Car pendant que la présidence peaufine son discours, l’horloge tourne. La coalition d’opposition C64 a fixé puis laissé filer un ultimatum, avant d’annoncer une marche nationale pour le 15 septembre. Les confessions religieuses, qui avaient obtenu un répit en juillet, formulent désormais des réserves sur le format même du dialogue. Et sur le terrain, à l’Est, la guerre continue de dicter le tempo d’un pays où gouverner, en ce mois d’août 2026, revient à tenir ensemble trois fronts à la fois : celui des armes, celui de la Constitution, et celui d’une opposition qui ne croit plus aux promesses.

La genèse d’un principe arraché plutôt qu’octroyé

Rien, dans la posture initiale du pouvoir congolais, ne laissait présager une ouverture aussi rapide.
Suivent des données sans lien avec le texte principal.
lemma has_ham_path_cblock_column_pair:
  assumes "3 \<le> n" "1 \<le> x" "x \<le> a - 1"
  shows "has_ham_path (cblock 1 a n) (x, 1) (x, 2)"
proof (cases "x = 1")
  case True
  show ?thesis unfolding True
    by (rule has_ham_path_peel[OF _ has_ham_path_singleton[of "(1, 1)"]],
        rule has_ham_path_peel[OF _ has_ham_path_cblock_column_up[of 2 a n n]],
        rule has_ham_path_join[OF has_ham_path_column_down[of 3 n 1]
          has_ham_path_singleton[of "(1, 2)"]])
      (use assms in \<open>auto simp: cblock_def\<close>)
next
  case False
  show ?thesis
    by (rule has_ham_path_peel[OF _ has_ham_path_singleton[of "(x, 1)"]],
        rule has_ham_path_peel[OF _ has_ham_path_cblock_column_up[of "x + 1" a n n]],
        rule has_ham_path_peel[OF _ has_ham_path_rect_from_x1y1[of "(1, 3)" 1 x 3 n]],
        rule has_ham_path_join[OF has_ham_path_rect_from_x0y1[of "(x - 1, 1)" 1 "x - 1" 1 2]
          has_ham_path_singleton[of "(x, 2)"]])
      (use assms False in \<open>auto simp: cblock_def\<close>)
qed

lemma has_ham_path_cblock3_column:
  assumes "1 \<le> x" "x \<le> a - 1"
  shows "has_ham_path (cblock 1 a 3) (x, 1) (x, 3)"
proof (cases "x = 1")
  case True
  show ?thesis unfolding True
    by (rule has_ham_path_peel[OF _ has_ham_path_singleton[of "(1, 1)"]],
        rule has_ham_path_peel[OF _ has_ham_path_cblock_column_up[of 2 a 3 3]],
        rule has_ham_path_join[OF has_ham_path_singleton[of "(1, 2)"]
          has_ham_path_singleton[of "(1, 3)"]])
      (use assms in \<open>auto simp: cblock_def\<close>)
next
  case False
  show ?thesis
    by (rule has_ham_path_peel[OF _ has_ham_path_singleton[of "(x, 1)"]],
        rule has_ham_path_peel[OF _ has_ham_path_cblock_column_up[of "x + 1" a 3 3]],
        rule has_ham_path_peel[OF _ has_ham_path_singleton[of "(x, 2)"]],
        rule has_ham_path_join[OF has_ham_path_rect_from_x1y0[of "(x - 1, 3)" 1 "x - 1" 1 3]
          has_ham_path_singleton[of "(x, 3)"]])
      (use assms False in \<open>auto simp: cblock_def\<close>)
qed
lemma codim1_H_delta_UNION_le:
  fixes A :: "nat \<Rightarrow> 'a::metric_space set"
  shows "codim1_H_delta \<mu> \<delta> (\<Union>n. A n) \<le> (\<Sum>n. codim1_H_delta \<mu> \<delta> (A n))"
proof (rule ennreal_le_epsilon)
  fix e :: real
  assume fin: "(\<Sum>n. codim1_H_delta \<mu> \<delta> (A n)) < top" and "0 < e"
  let ?H = "\<lambda>n. codim1_H_delta \<mu> \<delta> (A n)"
  have "\<exists>cr \<in> delta_covers \<delta> (A n).
      (\<Sum>i. ball_weight \<mu> (fst cr i) (snd cr i)) < ?H n + ennreal (e / 2 ^ Suc n)" for n
  proof -
    have "?H n < top" using fin ennreal_suminf_lessD[of ?H] by simp
    then have "?H n < ?H n + ennreal (e / 2 ^ Suc n)"
      using \<open>0 < e\<close> by (cases "?H n") (auto simp: ennreal_plus[symmetric] ennreal_less_iff simp del: ennreal_plus)
    then show ?thesis unfolding codim1_H_delta_eq_INF[of \<mu> \<delta> "A n"] INF_less_iff by (simp add: case_prod_beta)
  qed
  then obtain C where C: "\<And>n. C n \<in> delta_covers \<delta> (A n)"
    and C_less: "\<And>n. (\<Sum>i. ball_weight \<mu> (fst (C n) i) (snd (C n) i)) < ?H n + ennreal (e / 2 ^ Suc n)"
    by metis
  have "(\<lambda>i. fst (C (fst (prod_decode i))) (snd (prod_decode i)),
      \<lambda>i. snd (C (fst (prod_decode i))) (snd (prod_decode i))) \<in> delta_covers \<delta> (\<Union>n. A n)"
    using C by (rule delta_covers_UNION)
  then have "codim1_H_delta \<mu> \<delta> (\<Union>n. A n)
      \<le> (\<Sum>i. ball_weight \<mu> (fst (C (fst (prod_decode i))) (snd (prod_decode i)))
                            (snd (C (fst (prod_decode i))) (snd (prod_decode i))))"
    by (rule codim1_H_delta_le)
  also have "\<dots> = (\<Sum>n. \<Sum>i. ball_weight \<mu> (fst (C n) i) (snd (C n) i))"
    by (rule suminf_ennreal_2dimen[where f = "\<lambda>p. ball_weight \<mu> (fst (C (fst p)) (snd p)) (snd (C (fst p)) (snd p))"]) simp
  also have "\<dots> \<le> (\<Sum>n. ?H n + ennreal (e / 2 ^ Suc n))"
    by (intro suminf_le less_imp_le[OF C_less] summableI)
  also have "\<dots> = (\<Sum>n. ?H n) + (\<Sum>n. ennreal (e / 2 ^ Suc n))"
    by (rule suminf_add[symmetric]) auto
  also have "\<dots> = (\<Sum>n. ?H n) + ennreal e"
    using \<open>0 < e\<close> by (simp only: suminf_ennreal_geometric_half less_imp_le)
  finally show "codim1_H_delta \<mu> \<delta> (\<Union>n. A n) \<le> (\<Sum>n. ?H n) + ennreal e" .
qed

lemma codim1_H_UNION_le:
  fixes A :: "nat \<Rightarrow> 'a::metric_space set"
  shows "codim1_H \<mu> (\<Union>n. A n) \<le> (\<Sum>n. codim1_H \<mu> (A n))"
  unfolding codim1_H_def[of \<mu> "\<Union>n. A n"]
proof (rule SUP_least)
  fix \<delta> :: real assume "\<delta> \<in> {0<..}"
  then have "(\<Sum>n. codim1_H_delta \<mu> \<delta> (A n)) \<le> (\<Sum>n. codim1_H \<mu> (A n))"
    by (intro suminf_le summableI codim1_H_delta_le_codim1_H) auto
  with codim1_H_delta_UNION_le[of \<mu> \<delta> A]
  show "codim1_H_delta \<mu> \<delta> (\<Union>n. A n) \<le> (\<Sum>n. codim1_H \<mu> (A n))"
    by (rule order_trans)
qed
text \<open>
  Fix N and shift the N consecutive arcs of parameter length 1/N so that their endpoints
  carry no \<nu>-mass (only countably many points do). An arc A charged by \<nu> is not contained
  in core w, so log^+(1/w) has infinite integral over A, and by monotone convergence a single
  truncation h = min(M, log^+(1/w)) has integral at least \<nu>(A) over every arc A. Scaling h on
  each arc A by the factor \<nu>(A) / (integral of h over A) \<le> 1 gives a bounded density f with
  0 \<le> f \<le> log^+(1/w) whose integral over every arc A is exactly \<nu>(A). Comparing both the
  integral of g f dm and the integral of g d\<nu> over A with g(x) \<nu>(A) for a point x of A bounds
  the difference of the integrals of g f dm and g d\<nu> by 2 \<nu>(circle) times the oscillation of
  g on arcs of length 2\<pi>/N, which tends to 0 for continuous g.
\<close>

section \<open>The circle and its arcs\<close>

definition circ_param :: "real \<Rightarrow> complex" where
  "circ_param t = cis (2 * pi * t)"

lemma norm_cis_minus_cis_le: "norm (cis a - cis b) \<le> \<bar>a - b\<bar>"
proof -
  define x where "x = a - b"
  have "cis a - cis b = cis b * (cis x - 1)"
    by (simp add: x_def right_diff_distrib cis_mult)
  then have "norm (cis a - cis b) = norm (cis x - 1)"
    by (simp add: norm_mult)
  have "(norm (cis x - 1))\<^sup>2 = (cos x - 1)\<^sup>2 + (sin x)\<^sup>2"
    by (simp add: cmod_power2)
  also have "\<dots> = 2 - 2 * cos x"
    using sin_cos_squared_add[of x] by (simp add: power2_diff)
  also have "cos x = 1 - 2 * (sin (x / 2))\<^sup>2"
    using cos_double_sin[of "x / 2"] by simp
  finally have "(norm (cis x - 1))\<^sup>2 = (2 * \<bar>sin (x / 2)\<bar>)\<^sup>2"
    by (simp add: power_mult_distrib)
  then have "norm (cis x - 1) = 2 * \<bar>sin (x / 2)\<bar>"
    by (rule power2_eq_imp_eq) auto
  also have "\<dots> \<le> 2 * \<bar>x / 2\<bar>"
    by (intro mult_left_mono abs_sin_x_le_abs_x) auto
  finally show ?thesis
    using \<open>norm (cis a - cis b) = norm (cis x - 1)\<close> by (simp add: x_def)
qed

lemma cis_2pi_eq_circ_param: "(\<lambda>t. cis (2 * pi * t)) = circ_param"
  by (simp add: circ_param_def fun_eq_iff)

lemma norm_circ_param [simp]: "norm (circ_param t) = 1"
  by (simp add: circ_param_def)

lemma continuous_on_circ_param: "continuous_on S circ_param"
  unfolding circ_param_def by (intro continuous_intros)

lemma dist_circ_param_le: "dist (circ_param s) (circ_param t) \<le> 2 * pi * \<bar>s - t\<bar>"
  using norm_cis_minus_cis_le[of "2 * pi * s" "2 * pi * t"]
  by (simp add: circ_param_def dist_norm abs_mult flip: right_diff_distrib)

lemma circ_param_add_of_int: "circ_param (t + of_int k) = circ_param t"
  by (simp add: circ_param_def distrib_left flip: cis_mult)

lemma circ_param_inj:
  assumes "circ_param s = circ_param t" "\<bar>s - t\<bar> < 1"
  shows "s = t"
proof -
  have "cis (2 * pi * s) = cis (2 * pi * t) * cis (2 * pi * (s - t))"
    by (simp add: cis_mult algebra_simps)
  with assms(1) have "cos (2 * pi * (s - t)) = 1"
    by (metis circ_param_def cis.sel(1) cis_neq_zero mult_cancel_left1 one_complex.sel(1))
  then obtain k :: int where "2 * pi * (s - t) = real_of_int k * 2 * pi"
    using cos_one_2pi_int by blast
  then have "s - t = k" by simp
  with assms(2) have "k = 0" by linarith
  with \<open>s - t = k\<close> show ?thesis by simp
qed

lemma circ_param_surj:
  assumes "x \<in> circ"
  shows "\<exists>t\<in>{s..<s + 1}. x = circ_param t"
proof -
  define t0 where "t0 = Arg x / (2 * pi)"
  have "x \<noteq> 0" and "sgn x = x"
    using assms by (auto simp: sgn_div_norm)
  then have "circ_param t0 = x"
    using cis_Arg[of x] by (simp add: circ_param_def t0_def)
  define t where "t = t0 - of_int \<lfloor>t0 - s\<rfloor>"
  have "circ_param t = x"
    using circ_param_add_of_int[of t0 "- \<lfloor>t0 - s\<rfloor>"] \<open>circ_param t0 = x\<close>
    by (simp add: t_def)
  moreover have "t \<in> {s..<s + 1}"
    unfolding t_def by auto linarith+
  ultimately show ?thesis by metis
qed

lemma space_borelT [simp]: "space borelT = circ"
  by (simp add: borelT_def space_restrict_space)

lemma sets_mT [simp]: "sets mT = sets borelT"
  by (simp add: mT_def)

lemma space_mT [simp]: "space mT = circ"
  by (simp add: mT_def)

lemma sets_borelT_iff: "A \<in> sets borelT \<longleftrightarrow> A \<subseteq> circ \<and> A \<in> sets borel"
  unfolding borelT_def by (auto simp: sets_restrict_space_iff)
lemma induces_connected_UN:
  assumes conn: "induces_connected F d"
    and parts: "\<And>u. u \<in> d \<Longrightarrow> induces_connected E (g u)"
    and links: "\<And>u v. u \<in> d \<Longrightarrow> v \<in> d \<Longrightarrow> {u, v} \<in> F \<Longrightarrow> connected_to E (g u) (g v)"
  shows "induces_connected E (\<Union>u\<in>d. g u)"
proof -
  let ?R = "{(x, y). x \<in> (\<Union>u\<in>d. g u) \<and> y \<in> (\<Union>u\<in>d. g u) \<and> {x, y} \<in> E}"
  have inside: "(x, y) \<in> ?R\<^sup>*" if "u \<in> d" "x \<in> g u" "y \<in> g u" for u x y
  proof -
    have "(x, y) \<in> {(a, b). a \<in> g u \<and> b \<in> g u \<and> {a, b} \<in> E}\<^sup>*"
      using parts[OF \<open>u \<in> d\<close>] that(2,3) unfolding induces_connected_def by blast
    moreover have "{(a, b). a \<in> g u \<and> b \<in> g u \<and> {a, b} \<in> E} \<subseteq> ?R"
      using \<open>u \<in> d\<close> by blast
    ultimately show ?thesis using rtrancl_mono by blast
  qed
  have along: "\<forall>x\<in>g u. \<forall>y\<in>g v. (x, y) \<in> ?R\<^sup>*"
    if "(u, v) \<in> {(a, b). a \<in> d \<and> b \<in> d \<and> {a, b} \<in> F}\<^sup>*" "u \<in> d" for u v
    using that(1)
  proof (induction rule: rtrancl_induct)
    case base
    show ?case using inside \<open>u \<in> d\<close> by blast
  next
    case (step v w)
    then have "v \<in> d" "w \<in> d" "{v, w} \<in> F" by auto
    then obtain s t where st: "s \<in> g v" "t \<in> g w" "{s, t} \<in> E"
      using links unfolding connected_to_def by blast
    show ?case
    proof (intro ballI)
      fix x y assume "x \<in> g u" "y \<in> g w"
      have "(x, s) \<in> ?R\<^sup>*" using step.IH \<open>x \<in> g u\<close> st(1) by blast
      moreover have "(s, t) \<in> ?R" using st \<open>v \<in> d\<close> \<open>w \<in> d\<close> by blast
      moreover have "(t, y) \<in> ?R\<^sup>*" using inside \<open>w \<in> d\<close> st(2) \<open>y \<in> g w\<close> by blast
      ultimately show "(x, y) \<in> ?R\<^sup>*" by (meson rtrancl_into_rtrancl rtrancl_trans)
    qed
  qed
  show ?thesis
    using conn along unfolding induces_connected_def by blast
qed

lemma branch_setsD:
  "branch_sets V E D \<Longrightarrow> d \<in> D \<Longrightarrow> d \<noteq> {} \<and> d \<subseteq> V \<and> induces_connected E d"
  unfolding branch_sets_def by blast

lemma branch_sets_disjoint:
  "branch_sets V E D \<Longrightarrow> d \<in> D \<Longrightarrow> e \<in> D \<Longrightarrow> d \<noteq> e \<Longrightarrow> d \<inter> e = {}"
  unfolding branch_sets_def by blast

lemma connected_to_UN:
  assumes "connected_to F d e" "\<And>u v. {u, v} \<in> F \<Longrightarrow> connected_to E (g u) (g v)"
  shows "connected_to E (\<Union>u\<in>d. g u) (\<Union>v\<in>e. g v)"
proof -
  obtain u v where "u \<in> d" "v \<in> e" "{u, v} \<in> F"
    using assms(1) unfolding connected_to_def by blast
  moreover obtain s t where "s \<in> g u" "t \<in> g v" "{s, t} \<in> E"
    using assms(2)[OF \<open>{u, v} \<in> F\<close>] unfolding connected_to_def by blast
  ultimately show ?thesis unfolding connected_to_def by blast
qed

lemma branch_sets_UN:
  assumes bs1: "branch_sets V E D1" and h1: "graph_hom VM EM D1 (contr_edges E D1) f1"
    and i1: "inj_on f1 VM" and bs2: "branch_sets VM EM D2"
  shows "branch_sets V E ((\<lambda>d. \<Union>u\<in>d. f1 u) ` D2)" and "inj_on (\<lambda>d. \<Union>u\<in>d. f1 u) D2"
proof -
  define F where "F d = (\<Union>u\<in>d. f1 u)" for d
  have f1_D1: "f1 u \<in> D1" if "u \<in> VM" for u
    using h1 that unfolding graph_hom_def by blast
  have f1_props: "f1 u \<noteq> {}" "f1 u \<subseteq> V" "induces_connected E (f1 u)" if "u \<in> VM" for u
    using branch_setsD[OF bs1 f1_D1[OF that]] by blast+
  have F_nonempty: "F d \<noteq> {}" and F_subset: "F d \<subseteq> V" if d: "d \<in> D2" for d
  proof -
    have "d \<noteq> {}" "d \<subseteq> VM" using branch_setsD[OF bs2 d] by blast+
    then show "F d \<noteq> {}" using f1_props(1) unfolding F_def by fastforce
    show "F d \<subseteq> V" using \<open>d \<subseteq> VM\<close> f1_props(2) unfolding F_def by blast
  qed
  have F_disjoint: "F d \<inter> F e = {}" if "d \<in> D2" "e \<in> D2" "d \<noteq> e" for d e
  proof -
    have "f1 u \<inter> f1 v = {}" if "u \<in> d" "v \<in> e" for u v
    proof (rule branch_sets_disjoint[OF bs1])
      have "u \<in> VM" "v \<in> VM" "u \<noteq> v"
        using branch_setsD[OF bs2] branch_sets_disjoint[OF bs2] \<open>d \<in> D2\<close> \<open>e \<in> D2\<close> \<open>d \<noteq> e\<close> that
        by blast+
      then show "f1 u \<in> D1" "f1 v \<in> D1" "f1 u \<noteq> f1 v"
        using f1_D1 inj_onD[OF i1] by blast+
    qed
    then show ?thesis unfolding F_def by blast
  qed
  have F_connected: "induces_connected E (F d)" if d: "d \<in> D2" for d
    unfolding F_def
  proof (rule induces_connected_UN)
    show "induces_connected EM d" using branch_setsD[OF bs2 d] by blast
    show "induces_connected E (f1 u)" if "u \<in> d" for u
      using branch_setsD[OF bs2 d] f1_props(3) that by blast
  qed (rule graph_hom_contr_edges_connected_to[OF h1])
  show "branch_sets V E ((\<lambda>d. \<Union>u\<in>d. f1 u) ` D2)"
    unfolding branch_sets_def F_def[symmetric] using F_nonempty F_subset F_connected F_disjoint by blast
  show "inj_on (\<lambda>d. \<Union>u\<in>d. f1 u) D2"
    unfolding F_def[symmetric] using F_disjoint F_nonempty by (metis Int_absorb inj_onI)
qed

lemma is_minor_trans:
  assumes "is_minor A B VM EM" "is_minor VM EM V E"
  shows "is_minor A B V E"
proof -
  obtain D1 f1 where bs1: "branch_sets V E D1" and h1: "graph_hom VM EM D1 (contr_edges E D1) f1"
    and i1: "inj_on f1 VM"
    using assms(2) unfolding is_minor_def by blast
  obtain D2 f2 where bs2: "branch_sets VM EM D2" and h2: "graph_hom A B D2 (contr_edges EM D2) f2"
    and i2: "inj_on f2 A"
    using assms(1) unfolding is_minor_def by blast
  define F where "F d = (\<Union>u\<in>d. f1 u)" for d
  note merged = branch_sets_UN[OF bs1 h1 i1 bs2, folded F_def]
  have "graph_hom A B (F ` D2) (contr_edges E (F ` D2)) (F \<circ> f2)"
    unfolding graph_hom_def
  proof (intro conjI allI impI)
    show "(F \<circ> f2) ` A \<subseteq> F ` D2" using h2 unfolding graph_hom_def by auto
  next
    fix a b assume "{a, b} \<in> B"
    then have "f2 a \<in> D2" "f2 b \<in> D2" "f2 a \<noteq> f2 b" "connected_to EM (f2 a) (f2 b)"
      using h2 unfolding graph_hom_def by (simp_all add: contr_edges_iff)
    moreover have "F (f2 a) \<noteq> F (f2 b)"
      using calculation inj_onD[OF merged(2)] by blast
    moreover have "connected_to E (F (f2 a)) (F (f2 b))"
      unfolding F_def using \<open>connected_to EM (f2 a) (f2 b)\<close>
      by (rule connected_to_UN) (rule graph_hom_contr_edges_connected_to[OF h1])
    ultimately show "{(F \<circ> f2) a, (F \<circ> f2) b} \<in> contr_edges E (F ` D2)"
      by (simp add: contr_edges_iff)
  qed
  moreover have "inj_on (F \<circ> f2) A"
    using comp_inj_on[OF i2 inj_on_subset[OF merged(2)]] h2 unfolding graph_hom_def by blast
  ultimately show ?thesis using merged(1) unfolding is_minor_def by blast
qed

lemma branch_sets_member_unique:
  assumes "branch_sets V E D" "f ` VM \<subseteq> D" "inj_on f VM"
    and "u \<in> VM" "v \<in> VM" "z \<in> f u" "z \<in> f v"
  shows "u = v"
proof (rule inj_onD[OF assms(3) _ assms(4,5)], rule ccontr)
  assume "f u \<noteq> f v"
  then have "f u \<inter> f v = {}"
    using branch_sets_disjoint[OF assms(1)] assms(2,4,5) by blast
  then show False using assms(6,7) by blast
qed

lemma branch_set_representatives:
  assumes "branch_sets V E D" "f ` VM \<subseteq> D" "inj_on f VM"
  obtains h where "inj_on h VM" "h ` VM \<subseteq> V" "\<And>v. v \<in> VM \<Longrightarrow> h v \<in> f v"
proof -
  have "\<forall>v\<in>VM. \<exists>x. x \<in> f v"
    using branch_setsD[OF assms(1)] assms(2) by blast
  then obtain h where h: "\<And>v. v \<in> VM \<Longrightarrow> h v \<in> f v"
    by metis
  moreover have "inj_on h VM"
    using branch_sets_member_unique[OF assms] h by (metis inj_onI)
  moreover have "h ` VM \<subseteq> V"
    using branch_setsD[OF assms(1)] assms(2) h by blast
  ultimately show ?thesis using that by blast
qed

text \<open>Each edge of the minor is witnessed by an edge of the host graph joining the two
  branch sets, and the witness determines the edge back as the set of vertices whose
  branch sets it meets.\<close>

lemma minor_card_edges_le:
  assumes "finite E" "simple_graph VM EM" "branch_sets V E D"
    and hom: "graph_hom VM EM D (contr_edges E D) f" and "inj_on f VM"
  shows "card EM \<le> card E"
proof -
  have fD: "f ` VM \<subseteq> D" using hom unfolding graph_hom_def by blast
  define witness where "witness e p \<longleftrightarrow> p \<in> E \<and>
      (\<exists>x y s t. e = {x, y} \<and> x \<in> VM \<and> y \<in> VM \<and> s \<in> f x \<and> t \<in> f y \<and> p = {s, t})" for e p
  have "\<forall>e\<in>EM. \<exists>p. witness e p"
  proof
    fix e assume e: "e \<in> EM"
    obtain x y where xy: "e = {x, y}" "x \<in> VM" "y \<in> VM"
      using simple_graph_edgeE[OF assms(2) e] by blast
    then have "connected_to E (f x) (f y)"
      using graph_hom_contr_edges_connected_to[OF hom] e by simp
    then show "\<exists>p. witness e p" using xy unfolding connected_to_def witness_def by blast
  qed
  then obtain w where w: "\<forall>e\<in>EM. witness e (w e)"
    by (rule bchoice[THEN exE])
  have recover: "e = {u \<in> VM. f u \<inter> w e \<noteq> {}}" if e: "e \<in> EM" for e
  proof -
    have "witness e (w e)" using w e by blast
    then obtain x y s t where xyst: "e = {x, y}" "x \<in> VM" "y \<in> VM" "s \<in> f x" "t \<in> f y" "w e = {s, t}"
      unfolding witness_def by auto
    have "u = x \<or> u = y" if "u \<in> VM" "f u \<inter> w e \<noteq> {}" for u
    proof -
      have "s \<in> f u \<or> t \<in> f u" using that(2) xyst(6) by auto
      then show ?thesis
        using branch_sets_member_unique[OF assms(3) fD assms(5)] xyst(2-5) that(1) by metis
    qed
    then show ?thesis using xyst by auto
  qed
  have "inj_on w EM"
  proof (rule inj_onI)
    fix e e' assume "e \<in> EM" "e' \<in> EM" "w e = w e'"
    have "e = {u \<in> VM. f u \<inter> w e \<noteq> {}}" using recover[OF \<open>e \<in> EM\<close>] .
    also have "\<dots> = {u \<in> VM. f u \<inter> w e' \<noteq> {}}" by (simp only: \<open>w e = w e'\<close>)
    also have "\<dots> = e'" using recover[OF \<open>e' \<in> EM\<close>, symmetric] .
    finally show "e = e'" .
  qed
  moreover have "w ` EM \<subseteq> E" using w unfolding witness_def by blast
  ultimately show ?thesis using card_inj_on_le assms(1) by blast
qed

lemma graph_iso_if_bij_hom_card_eq:
  assumes "simple_graph VM EM" "finite E" "bij_betw h VM V"
    and hom: "\<And>x y. {x, y} \<in> EM \<Longrightarrow> {h x, h y} \<in> E" and "card EM = card E"
  shows "graph_iso VM EM V E"
proof -
  have inj_h: "inj_on h VM" using assms(3) unfolding bij_betw_def by blast
  have edges_into: "image h ` EM \<subseteq> E"
  proof
    fix p assume "p \<in> image h ` EM"
    then obtain e where "e \<in> EM" "p = h ` e" by blast
    moreover obtain x y where "e = {x, y}"
      using simple_graph_edgeE[OF assms(1) \<open>e \<in> EM\<close>] by blast
    ultimately show "p \<in> E" using hom by simp
  qed
  have inj_edges: "inj_on (image h) EM"
    using inj_on_subset[OF inj_on_image_Pow[OF inj_h] simple_graph_edges_subset_Pow[OF assms(1)]] .
  have "card (image h ` EM) = card E"
    using card_image[OF inj_edges] assms(5) by simp
  then have edges_onto: "image h ` EM = E"
    by (rule card_subset_eq[OF assms(2) edges_into])
  have "{x, y} \<in> EM" if "x \<in> VM" "y \<in> VM" "{h x, h y} \<in> E" for x y
  proof -
    have "h ` {x, y} \<in> image h ` EM"
      using edges_onto \<open>{h x, h y} \<in> E\<close> by simp
    then obtain e where e: "h ` {x, y} = h ` e" "e \<in> EM" by (rule imageE)
    have "e \<subseteq> VM" using simple_graph_edges_subset_Pow[OF assms(1)] e(2) by auto
    moreover have "{x, y} \<subseteq> VM" using that(1,2) by simp
    ultimately have "e = {x, y}" using inj_on_image_eq_iff[OF inj_h] e(1) by metis
    then show ?thesis using e(2) by simp
  qed
  then show ?thesis
    unfolding graph_iso_def using assms(3) hom by blast
qed

text \<open>With as many vertices as the host graph, every branch set is a singleton.\<close>

lemma minor_spanning_if_card_eq:
  assumes "finite V" "simple_graph VM EM" "branch_sets V E D"
    and hom: "graph_hom VM EM D (contr_edges E D) f" and "inj_on f VM" and "card VM = card V"
  obtains h where "bij_betw h VM V" "\<And>x y. {x, y} \<in> EM \<Longrightarrow> {h x, h y} \<in> E"
proof -
  have fD: "f ` VM \<subseteq> D" using hom unfolding graph_hom_def by blast
  obtain h where h: "inj_on h VM" "h ` VM \<subseteq> V" "\<And>v. v \<in> VM \<Longrightarrow> h v \<in> f v"
    using branch_set_representatives[OF assms(3) fD assms(5)] by blast
  have h_onto: "h ` VM = V"
    using card_subset_eq[OF assms(1) h(2)] card_image[OF h(1)] assms(6) by simp
  have singleton: "f v = {h v}" if v: "v \<in> VM" for v
  proof
    show "f v \<subseteq> {h v}"
    proof
      fix z assume z: "z \<in> f v"
      then have "z \<in> V" using branch_setsD[OF assms(3)] fD v by blast
      then obtain u where "u \<in> VM" "z = h u" using h_onto by blast
      then have "u = v" using branch_sets_member_unique[OF assms(3) fD assms(5)] h(3) z v by blast
      then show "z \<in> {h v}" using \<open>z = h u\<close> by simp
    qed
    show "{h v} \<subseteq> f v" using h(3) v by blast
  qed
  have "{h x, h y} \<in> E" if xy: "{x, y} \<in> EM" for x y
  proof -
    have "x \<in> VM" "y \<in> VM" using simple_graph_edgeD[OF assms(2) xy] by auto
    moreover have "connected_to E (f x) (f y)"
      using graph_hom_contr_edges_connected_to[OF hom xy] .
    ultimately show ?thesis using singleton unfolding connected_to_def by simp
  qed
  moreover have "bij_betw h VM V"
    using h(1) h_onto unfolding bij_betw_def by simp
  ultimately show ?thesis using that by blast
qed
Pendant des mois, les confessions religieuses regroupées autour de la CENCO et de l’ECC, l’opposition rassemblée dans la coalition C64 — Fayulu, Katumbi, Matata Ponyo, Sesanga, Kabund — et une partie de la société civile réclamaient un dialogue national inclusif, sans obtenir de réponse claire. Le pouvoir, lui, misait sur d’autres leviers : les processus diplomatiques de Washington et de Doha pour traiter la crise avec le Rwanda et l’AFC/M23, et l’avancée de sa loi référendaire pour le volet institutionnel intérieur.

Le basculement intervient le 17 juillet 2026, à l’issue d’une audience de plus de deux heures à la Cité de l’Union africaine entre Félix Tshisekedi et les principaux responsables des confessions religieuses. À sa sortie, le cardinal Fridolin Ambongo annonce que le président a « levé l’option » d’un dialogue entre fils et filles du Congo, présenté comme inclusif, apaisé et républicain, dans l’objectif affiché de consolider la cohésion nationale face aux divisions politiques et à la crise sécuritaire dans l’Est.

Ce geste ne sort pas de nulle part : il répond directement à la pression de la rue. La coalition C64 avait initialement prévu une marche pour le 22 juillet ; sous l’effet des consultations engagées avec les Églises, elle accepte de la reporter, tout en fixant un ultimatum au 15 août pour évaluer les avancées concrètes. C’est cette échéance qui structure, depuis, tout le tempo politique du dossier.

Dans l’intervalle, l’exécutif multiplie les gestes d’apaisement calculés. Mi-août, Tshisekedi renvoie sa loi sur le référendum au Parlement pour un réexamen — officiellement au nom d’une plus grande clarté et sécurité juridique, selon les mots du sénateur Jacques Djoli. Une partie de l’opposition et de la société civile y voit au contraire une manœuvre dilatoire, certains commentateurs allant jusqu’à parler d’une seconde tromperie sur ce dossier référendaire.

C’est dans ce climat de défiance croisée, où chaque geste présidentiel est immédiatement relu à l’aune du soupçon, que s’ouvre la phase de préparation technique du dialogue — une phase qui, elle, se joue loin des caméras.

Dans les coulisses, une architecture à plusieurs mains

Selon des informations concordantes rapportées début août par plusieurs médias proches du dossier, une réunion décisive se tient le 8 août à Kinshasa, réunissant Félix Tshisekedi, des représentants des Églises, ainsi que des figures de son entourage rapproché — Anthony Nkinzo, le porte-parole du gouvernement Patrick Muyaya, et Fortunat Biselele, conseiller spécial du chef de l’État. Autour d’eux gravite une commission plus discrète, où l’on retrouve notamment Jean-Charles Okoto, Adolphe Lumanu, l’abbé Théo ou encore Wivine Moleka.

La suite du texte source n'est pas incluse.